Emtman finished 1991 with 62 tackles and 20.5 tackles for loss.

He was voted into the College Football Hall of Fame in 2006.

==Professional career==
Emtman decided to forgo his senior year and declared himself eligible for the 1992 NFL draft. At 6'4" and 290 lb, he was the first overall pick, selected by the Indianapolis Colts. His most memorable play was the game-sealing 90-yard interception return for a touchdown as time expired in a 31–20 upset win at the Miami Dolphins in his rookie year, which earned him honors as AFC defensive player of the week.

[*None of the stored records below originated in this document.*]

text \<open>Two functions with a common Lipschitz constant that differ by \<open>e\<close> at one point differ
  by \<open>e/2\<close> on a ball of radius \<open>e/(4L)\<close> around it.\<close>
lemma sq_hellinger_ge_of_gap:
  fixes f g :: "'x::euclidean_space \<Rightarrow> real"
  assumes f: "\<And>y. 0 \<le> f y" "\<And>y. f y \<le> C" and g: "\<And>y. 0 \<le> g y" "\<And>y. g y \<le> C"
    and L: "L > 0" "L-lipschitz_on UNIV f" "L-lipschitz_on UNIV g"
    and e: "e > 0" "e \<le> \<bar>f y0 - g y0\<bar>"
  shows "ennreal ((e/2)\<^sup>2 / (4 * C) * measure lborel (ball (0::'x) (e / (4 * L))))
    \<le> sq_hellinger f g"
proof -
  have C: "0 \<le> C" using f[of y0] by linarith
  have "ennreal ((e/2)\<^sup>2 / (4 * C)) * measure lborel (ball (0::'x) (e / (4 * L)))
      \<le> sq_hellinger f g"
    unfolding sq_hellinger_def
  proof (rule nn_integral_lborel_ge_ball[of _ y0])
    show "0 \<le> e / (4 * L)" using e L by simp
    fix y assume "y \<in> ball y0 (e / (4 * L))"
    hence "L * dist y0 y \<le> e / 4"
      using L(1) by (simp add: pos_less_divide_eq algebra_simps)
    hence "e / 2 \<le> \<bar>f y - g y\<bar>"
      using lipschitz_onD[OF L(2), of y0 y] lipschitz_onD[OF L(3), of y0 y] e(2)
      by (simp add: dist_real_def abs_le_iff abs_if split: if_splits)
    hence "(e/2)\<^sup>2 / (4 * C) \<le> (sqrt (f y) - sqrt (g y))\<^sup>2"
      using e by (intro sqrt_diff_square_ge) (auto intro: f g)
    thus "ennreal ((e/2)\<^sup>2 / (4 * C)) \<le> ennreal ((sqrt (f y) - sqrt (g y))\<^sup>2)"
      by (rule ennreal_leI)
  qed
  thus ?thesis
    using C by (subst ennreal_mult) auto
qed
(* Let $q=p^a$ with $p$ prime, let $G\le GL(V)=GL_d(q)$ be $p$-exceptional with $C_V(O^{p'}(G))=0$, let $t\in G$ have order $p$, and let $P$ be a Sylow $p$-subgroup of $G$. Then: (i) $d\le r_p\log_q|G:N_G(P)|$, where $r_p$ is the minimal number of $G$-conjugates of $P$ that generate $O^{p'}(G)$; (ii) $|V|\le |C_V(t)|\cdot|t^G|$; (iii) if $O^{p'}(G)$ is generated by $\alpha$ conjugates of $t$, then $q^{d/\alpha}\le|t^G|$.
   Context: $G\le GL_d(q)$ is $p$-exceptional if $p$ divides $|G|$ and every orbit of $G$ on $V=\mathbb{F}_q^d$ has size coprime to $p$. $O^{p'}(G)$ is the subgroup generated by all $p$-elements of $G$. $C_V(X)$ is the subspace of vectors fixed by all elements of $X$; $t^G$ is the conjugacy class of $t$ in $G$. *)

theory Defs
  imports "HOL-Analysis.Analysis" "HOL-Algebra.Algebra"
begin

definition GL :: "('k::field ^'n::finite ^'n) monoid" where
  "GL = \<lparr>carrier = {A. invertible A}, mult = (**), one = mat 1\<rparr>"

definition mat_act :: "'k::field ^'n::finite ^'n \<Rightarrow> 'k ^'n \<Rightarrow> 'k ^'n" where
  "mat_act g v = g *v v"

definition p_exceptional :: "nat \<Rightarrow> ('k::field ^'n::finite ^'n) set \<Rightarrow> bool" where
  "p_exceptional p G \<longleftrightarrow> p dvd card G \<and>
     (\<forall>v::'k^'n. coprime (card (orbit (GL\<lparr>carrier := G\<rparr>) mat_act v)) p)"

definition p_elements :: "nat \<Rightarrow> ('k::field ^'n::finite ^'n) set \<Rightarrow> ('k ^'n ^'n) set" where
  "p_elements p G = {g \<in> G. \<exists>k::nat. group.ord GL g = p ^ k}"

definition Opp :: "nat \<Rightarrow> ('k::field ^'n::finite ^'n) set \<Rightarrow> ('k ^'n ^'n) set" where
  "Opp p G = generate GL (p_elements p G)"

definition fixed_space :: "('k::field ^'n::finite ^'n) set \<Rightarrow> ('k ^'n) set" where
  "fixed_space S = {x. \<forall>g. g \<in> S \<longrightarrow> mat_act g x = x}"

definition conj_elem :: "('k::field ^'n::finite ^'n) \<Rightarrow> ('k ^'n ^'n) \<Rightarrow> ('k ^'n ^'n)" where
  "conj_elem g x = g ** x ** matrix_inv g"

definition conj_class :: "('k::field ^'n::finite ^'n) set \<Rightarrow> ('k ^'n ^'n) \<Rightarrow> ('k ^'n ^'n) set" where
  "conj_class G t = {conj_elem g t | g. g \<in> G}"

definition sylow_sub :: "nat \<Rightarrow> ('k::field ^'n::finite ^'n) set \<Rightarrow> ('k ^'n ^'n) set \<Rightarrow> bool" where
  "sylow_sub p G P \<longleftrightarrow> subgroup P GL \<and> P \<subseteq> G \<and> card P = p ^ multiplicity p (card G)"

definition r_p :: "nat \<Rightarrow> ('k::field ^'n::finite ^'n) set \<Rightarrow> ('k ^'n ^'n) set \<Rightarrow> nat" where
  "r_p p G P = (LEAST r. \<exists>gs. length gs = r \<and> set gs \<subseteq> G \<and>
       generate GL (\<Union>g\<in>set gs. conj_elem g ` P) = Opp p G)"

end

theory Submission
  imports Defs
begin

Emtman's NFL career was marred by injuries. Playing a majority of his games on Astroturf, he finished each of his three seasons with the Colts on the injured reserve list. Nine games into his rookie year, he blew out his left knee against the Miami Dolphins. The following season, he tore the patellar tendon in his right knee, an injury that no previous NFL player had ever returned from. In October 1994, he beat the odds and made his comeback at home against the team he had grown up following, the Seattle Seahawks. On his first play, he tackled Chris Warren for a 5-yard loss. However, in the second quarter, he ruptured a disc in his neck in a collision with a teammate. Emtman continued to play, even though after the game, he could not close his fists due to nerve damage from the injury. He managed to play three more weeks until continuing pain forced him to undergo season-ending surgery. He later played for the Miami Dolphins and Washington Redskins. His playing career ended following the 1997 season at the age of 27.

==NFL career statistics==

| Year | Team | GP | Cmb | Solo | Ast | Sck | FF | FR |
|---|---|---|---|---|---|---|---|---|
| 1992 | IND | 9 | 0 | 0 | 0 | 3 | 0 | 0 |
| 1993 | IND | 5 | 20 | 18 | 2 | 1 | 0 | 0 |
| 1994 | IND | 4 | 4 | 3 | 1 | 1 | 0 | 0 |
| 1995 | MIA | 16 | 14 | 10 | 4 | 1 | 0 | 2 |
| 1996 | MIA | 13 | 39 | 31 | 8 | 2 | 2 | 1 |
| 1997 | WAS | 3 | 5 | 4 | 1 | 0 | 0 | 0 |
| Career |  | 50 | 82 | 66 | 16 | 8 | 2 | 3 |

==Personal life==
Emtman had a cameo appearance as himself in the 1994 feature film Little Giants, along with Bruce Smith, Tim Brown, Emmitt Smith, and John Madden. He also appeared as an uncredited zombie in the TV series Z Nation. His son was the zombie baby from the first episode.

Emtman formerly volunteered as the defensive line coach for the af2's Spokane Shock.

Emtman now lives in Spokane Valley, Washington, where he is a real estate developer and owns his own real estate development company.